The data:
______
lemma reduced_equal_shares_member: "{0, 1, 3} \<in> equal_shares C\<^sub>x (N\<^sub>x - {9}) A\<^sub>x 3"
proof -
  let ?N = "N\<^sub>x - {9}"
  have init: "(\<lambda>_. real 3 / real (card ?N)) = reduced_budget_0"
    unfolding reduced_budget_0_def example_voters_def by simp
  have step1: "mes_step1 C\<^sub>x ?N A\<^sub>x ([], reduced_budget_0) ([0], reduced_budget_1)"
  proof (rule mes_step1I[where \<rho> = "1/7"])
    show "1/7 \<le> \<rho>'" if "d \<in> C\<^sub>x - set []" "mes_rho_ok ?N A\<^sub>x reduced_budget_0 d \<rho>'" for d \<rho>'
    proof -
      have "card (supporters ?N A\<^sub>x d) \<le> 7" using that(1) unfolding example_candidates_def by auto
      then show ?thesis using mes_rho_lower_bound[OF that(2), of 7] by simp
    qed
  qed (auto simp: example_candidates_def mes_affordable_def mes_rho_ok_def
         reduced_budget_0_def reduced_budget_1_def fun_eq_iff)
  have step2: "mes_step1 C\<^sub>x ?N A\<^sub>x ([0], reduced_budget_1) ([1, 0], reduced_budget_2)"
  proof (rule mes_step1I[where \<rho> = "1/6"])
    show "1/6 \<le> \<rho>'" if "d \<in> C\<^sub>x - set [0]" "mes_rho_ok ?N A\<^sub>x reduced_budget_1 d \<rho>'" for d \<rho>'
    proof -
      have "card (supporters ?N A\<^sub>x d) \<le> 6" using that(1) unfolding example_candidates_def by auto
      then show ?thesis using mes_rho_lower_bound[OF that(2), of 6] by simp
    qed
  qed (auto simp: example_candidates_def mes_affordable_def mes_rho_ok_def
         reduced_budget_1_def reduced_budget_2_def fun_eq_iff)
  have stop: "mes_phase1_done C\<^sub>x ?N A\<^sub>x ([1, 0], reduced_budget_2)"
    unfolding mes_phase1_done_def mes_affordable_def example_candidates_def
    by (auto simp: reduced_budget_2_def)
  have "phrag_time ?N A\<^sub>x reduced_budget_2 2 = 11/210" "phrag_time ?N A\<^sub>x reduced_budget_2 3 = 1/21"
    unfolding phrag_time_def reduced_budget_2_def by simp_all
  then have "phragmen_step C\<^sub>x ?N A\<^sub>x ([1, 0], reduced_budget_2)
      ([3, 1, 0], \<lambda>j. if j \<in> supporters ?N A\<^sub>x 3 then 0 else reduced_budget_2 j + phrag_time ?N A\<^sub>x reduced_budget_2 3)"
    by (intro phragmen_stepI) (auto simp: example_candidates_def)
  then have "set [3, 1, 0] \<in> equal_shares C\<^sub>x ?N A\<^sub>x 3"
    using step1 step2 stop unfolding init[symmetric]
    by (intro equal_sharesI) (auto intro: converse_rtranclp_into_rtranclp)
  then show ?thesis by (simp add: insert_commute)
qed

lemma equal_shares_not_participation:
  "\<exists>(C::nat set) (N::nat set) A k i.
     finite C \<and> 1 < card C \<and> valid_profile C N A \<and> 2 \<le> card N \<and> 1 \<le> k \<and> k < card C \<and> i \<in> N \<and>
     (\<forall>W\<in>equal_shares C N A k. W \<inter> A i = {}) \<and>
     kelly_strict (A i) (equal_shares C (N - {i}) A k) (equal_shares C N A k)"
proof (intro exI conjI)
  have A9: "A\<^sub>x 9 = {3}" unfolding example_ballots_def by simp
  show "finite C\<^sub>x" "1 < card C\<^sub>x" "3 < card C\<^sub>x" unfolding example_candidates_def by simp_all
  show "valid_profile C\<^sub>x N\<^sub>x A\<^sub>x"
    unfolding valid_profile_def example_candidates_def example_voters_def example_ballots_def by auto
  show "2 \<le> card N\<^sub>x" "(9::nat) \<in> N\<^sub>x" unfolding example_voters_def by simp_all
  show "\<forall>W\<in>equal_shares C\<^sub>x N\<^sub>x A\<^sub>x 3. W \<inter> A\<^sub>x 9 = {}"
    unfolding full_equal_shares A9 by simp
  show "kelly_strict (A\<^sub>x 9) (equal_shares C\<^sub>x (N\<^sub>x - {9}) A\<^sub>x 3) (equal_shares C\<^sub>x N\<^sub>x A\<^sub>x 3)"
    using reduced_equal_shares_member unfolding kelly_strict_def full_equal_shares A9 by force
qed simp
______
What you should do: Among the lines above, find those with the word "forall" and list them.

Problem solution:
     (\<forall>W\<in>equal_shares C N A k. W \<inter> A i = {}) \<and>
  show "\<forall>W\<in>equal_shares C\<^sub>x N\<^sub>x A\<^sub>x 3. W \<inter> A\<^sub>x 9 = {}"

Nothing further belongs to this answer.